--- Data shown ---

(* Let $K$ be a finite ordered simplicial complex in $\mathbb{R}^N$ and let $\{U_i\}$ be a locally finite cover of $\mathbb{R}^N$ by convex open sets. Then for all sufficiently large $\ell$, the subcomplexes $K_\ell\cap U_i$ are nice and cover $K_\ell$ (every simplex of $K_\ell$ lies in some $K_\ell\cap U_i$).
   Context: A simplicial complex is a locally finite set of linear simplices in $\mathbb{R}^N$ closed under faces with pairwise intersections common faces; ordered means vertices totally ordered. $K_\ell$ is the $\ell$th crystalline subdivision: for an ordered $m$-simplex $\langle v_0,\dots,v_m\rangle$, $m>0$, let $\iota$ be affine into $[0,1]^m$ with $\iota(v_j)=(0,\dots,0,1,\dots,1)$ ($j$ zeros), subdivide $[0,1]^m$ into $2^{\ell m}$ cubes of side $2^{-\ell}$, each into the $m!$ rescaled translates of $\{0\le x_{\pi(1)}\le\dots\le x_{\pi(m)}\le1\}$, and pull back via $\iota$. $K\cap U$ is the maximal subcomplex of $K$ contained in $U$. For a subcomplex $K'$ and $\Delta\in K$, $\Delta\cap K'$ denotes the simplices of $K'$ that are faces of $\Delta$; $\operatorname{star}(K')$ is the set of simplices sharing a face with some simplex of $K'$, with their faces; $K'$ is nice if for every $\Delta\in\operatorname{star}(K')$, $\Delta\cap K'$ is a single face of $\Delta$ (with its faces). *)

theory Defs
  imports "HOL-Analysis.Analysis"
begin

text \<open>Simplicial complexes are taken in the sense of the library predicate
  simplicial_complex (HOL-Analysis, Polytope): a finite set of geometric simplices
  (point sets), closed under faces (including the empty face), with pairwise
  intersections being common faces.\<close>

definition simplex_vertices :: "'a::euclidean_space set \<Rightarrow> 'a set" where
  "simplex_vertices S = {v. v extreme_point_of S}"

definition complex_vertices :: "'a::euclidean_space set set \<Rightarrow> 'a set" where
  "complex_vertices K = (\<Union>S\<in>K. simplex_vertices S)"

definition ordered_complex :: "'a::euclidean_space set set \<Rightarrow> 'a rel \<Rightarrow> bool" where
  "ordered_complex K r \<longleftrightarrow> simplicial_complex K \<and> linear_order_on (complex_vertices K) r"

text \<open>Points of [0,1]^m are functions nat => real with coordinates 1..m.
  The image of the ordered simplex under iota is the region
  0 <= x_1 <= ... <= x_m <= 1.\<close>
definition cryst_region :: "nat \<Rightarrow> (nat \<Rightarrow> real) \<Rightarrow> bool" where
  "cryst_region m x \<longleftrightarrow>
     (\<forall>i j. 1 \<le> i \<and> i \<le> j \<and> j \<le> m \<longrightarrow> x i \<le> x j) \<and>
     (\<forall>i. 1 \<le> i \<and> i \<le> m \<longrightarrow> 0 \<le> x i \<and> x i \<le> 1)"

text \<open>Inverse of iota: the affine map with (0^j,1^(m-j)) |-> v_j.\<close>
definition cryst_param :: "(nat \<Rightarrow> 'a::euclidean_space) \<Rightarrow> nat \<Rightarrow> (nat \<Rightarrow> real) \<Rightarrow> 'a" where
  "cryst_param vs m x = vs m + (\<Sum>i\<in>{1..m}. x i *\<^sub>R (vs (i - 1) - vs i))"

text \<open>The j-th vertex (j = 0..m) of the small simplex in the cube with lower corner
  k/2^l (k integer vector) associated with the permutation p of {1..m}, i.e. of
  the rescaled translate of {0 <= y_p(1) <= ... <= y_p(m) <= 1}.\<close>
definition cube_simplex_vertex :: "nat \<Rightarrow> nat \<Rightarrow> (nat \<Rightarrow> int) \<Rightarrow> (nat \<Rightarrow> nat) \<Rightarrow> nat \<Rightarrow> (nat \<Rightarrow> real)" where
  "cube_simplex_vertex m l k p j =
     (\<lambda>i. (real_of_int (k i) + (if i \<in> p ` {j+1..m} then 1 else 0)) / 2 ^ l)"

text \<open>The top-dimensional simplices of the l-th crystalline subdivision of the
  simplex S of the ordered complex (K, r): pull backs of the small cube simplices
  lying in the image of S.\<close>
definition cryst_pieces :: "'a::euclidean_space rel \<Rightarrow> nat \<Rightarrow> 'a set \<Rightarrow> 'a set set" where
  "cryst_pieces r l S =
     {T. \<exists>m vs k p.
           card (simplex_vertices S) = Suc m \<and>
           vs ` {0..m} = simplex_vertices S \<and>
           (\<forall>i<m. (vs i, vs (Suc i)) \<in> r) \<and>
           bij_betw p {1..m} {1..m} \<and>
           (\<forall>j\<le>m. cryst_region m (cube_simplex_vertex m l k p j)) \<and>
           T = convex hull {cryst_param vs m (cube_simplex_vertex m l k p j) | j. j \<le> m}}"

definition cryst_subdiv :: "'a::euclidean_space set set \<Rightarrow> 'a rel \<Rightarrow> nat \<Rightarrow> 'a set set" where
  "cryst_subdiv K r l = {F. \<exists>S\<in>K. \<exists>T\<in>cryst_pieces r l S. F face_of T}"

definition complex_restrict :: "'a::euclidean_space set set \<Rightarrow> 'a set \<Rightarrow> 'a set set" where
  "complex_restrict K U = {S\<in>K. S \<subseteq> U}"

definition simplex_meet :: "'a::euclidean_space set \<Rightarrow> 'a set set \<Rightarrow> 'a set set" where
  "simplex_meet D K' = {T\<in>K'. T face_of D}"

definition complex_star :: "'a::euclidean_space set set \<Rightarrow> 'a set set \<Rightarrow> 'a set set" where
  "complex_star K K' =
     {F. \<exists>D\<in>K. F face_of D \<and>
          (\<exists>T\<in>K'. \<exists>G. G \<noteq> {} \<and> G face_of D \<and> G face_of T)}"

definition nice_subcomplex :: "'a::euclidean_space set set \<Rightarrow> 'a set set \<Rightarrow> bool" where
  "nice_subcomplex K K' \<longleftrightarrow>
     (\<forall>D\<in>complex_star K K'. \<exists>F. F face_of D \<and> simplex_meet D K' = {G. G face_of F})"

definition locally_finite_family :: "('i \<Rightarrow> 'a::topological_space set) \<Rightarrow> bool" where
  "locally_finite_family U \<longleftrightarrow>
     (\<forall>x. \<exists>N. open N \<and> x \<in> N \<and> finite {i. U i \<inter> N \<noteq> {}})"

end

theory Submission
  imports Defs
begin

(* Every top simplex of K_l is the image of a small simplex of the cube subdivision under the
   affine map cryst_param, which is injective because the edges v_(i-1) - v_i of an ordered
   simplex are linearly independent; hence every simplex of K_l is the convex hull of an
   affinely independent set P. The faces of conv P lying in a convex set U are then exactly the
   faces of conv (P \<inter> U), which makes K_l \<inter> U nice for every l. For the covering, all simplices
   of K_l lie in a fixed ball and have diameter O(2^-l), so they eventually fall below a Lebesgue
   number of the open cover. *)

definition affine_independent_family :: "(nat \<Rightarrow> 'a::real_vector) \<Rightarrow> nat \<Rightarrow> bool" where
  "affine_independent_family f n \<longleftrightarrow>
     (\<forall>u. sum u {..n} = 0 \<and> (\<Sum>j\<le>n. u j *\<^sub>R f j) = 0 \<longrightarrow> (\<forall>j\<le>n. u j = 0))"

lemma affine_independent_family_inj:
  assumes "affine_independent_family f n"
  shows "inj_on f {..n}"
proof (rule inj_onI, rule ccontr)
  fix i j assume ij: "i \<in> {..n}" "j \<in> {..n}" "f i = f j" "i \<noteq> j"
  define u where "u k = (if k = i then 1 else 0) - (if k = j then 1 else (0::real))" for k
  have "sum u {..n} = 0" using ij by (simp add: u_def sum_subtractf)
  moreover have "(\<Sum>k\<le>n. u k *\<^sub>R f k) = 0"
    using ij by (simp add: u_def scaleR_left_diff_distrib sum_subtractf
        if_distrib[of "\<lambda>c. c *\<^sub>R _"] cong: if_cong)
  ultimately have "u i = 0" using assms ij unfolding affine_independent_family_def by blast
  then show False using ij by (simp add: u_def)
qed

---

_What needs to be done_.
For the lines above, output exactly those from the line containing "text \<open>Inverse of" through the line containing "the rescaled translate", and skip the others.

_Exercise output_.
text \<open>Inverse of iota: the affine map with (0^j,1^(m-j)) |-> v_j.\<close>
definition cryst_param :: "(nat \<Rightarrow> 'a::euclidean_space) \<Rightarrow> nat \<Rightarrow> (nat \<Rightarrow> real) \<Rightarrow> 'a" where
  "cryst_param vs m x = vs m + (\<Sum>i\<in>{1..m}. x i *\<^sub>R (vs (i - 1) - vs i))"

text \<open>The j-th vertex (j = 0..m) of the small simplex in the cube with lower corner
  k/2^l (k integer vector) associated with the permutation p of {1..m}, i.e. of
  the rescaled translate of {0 <= y_p(1) <= ... <= y_p(m) <= 1}.\<close>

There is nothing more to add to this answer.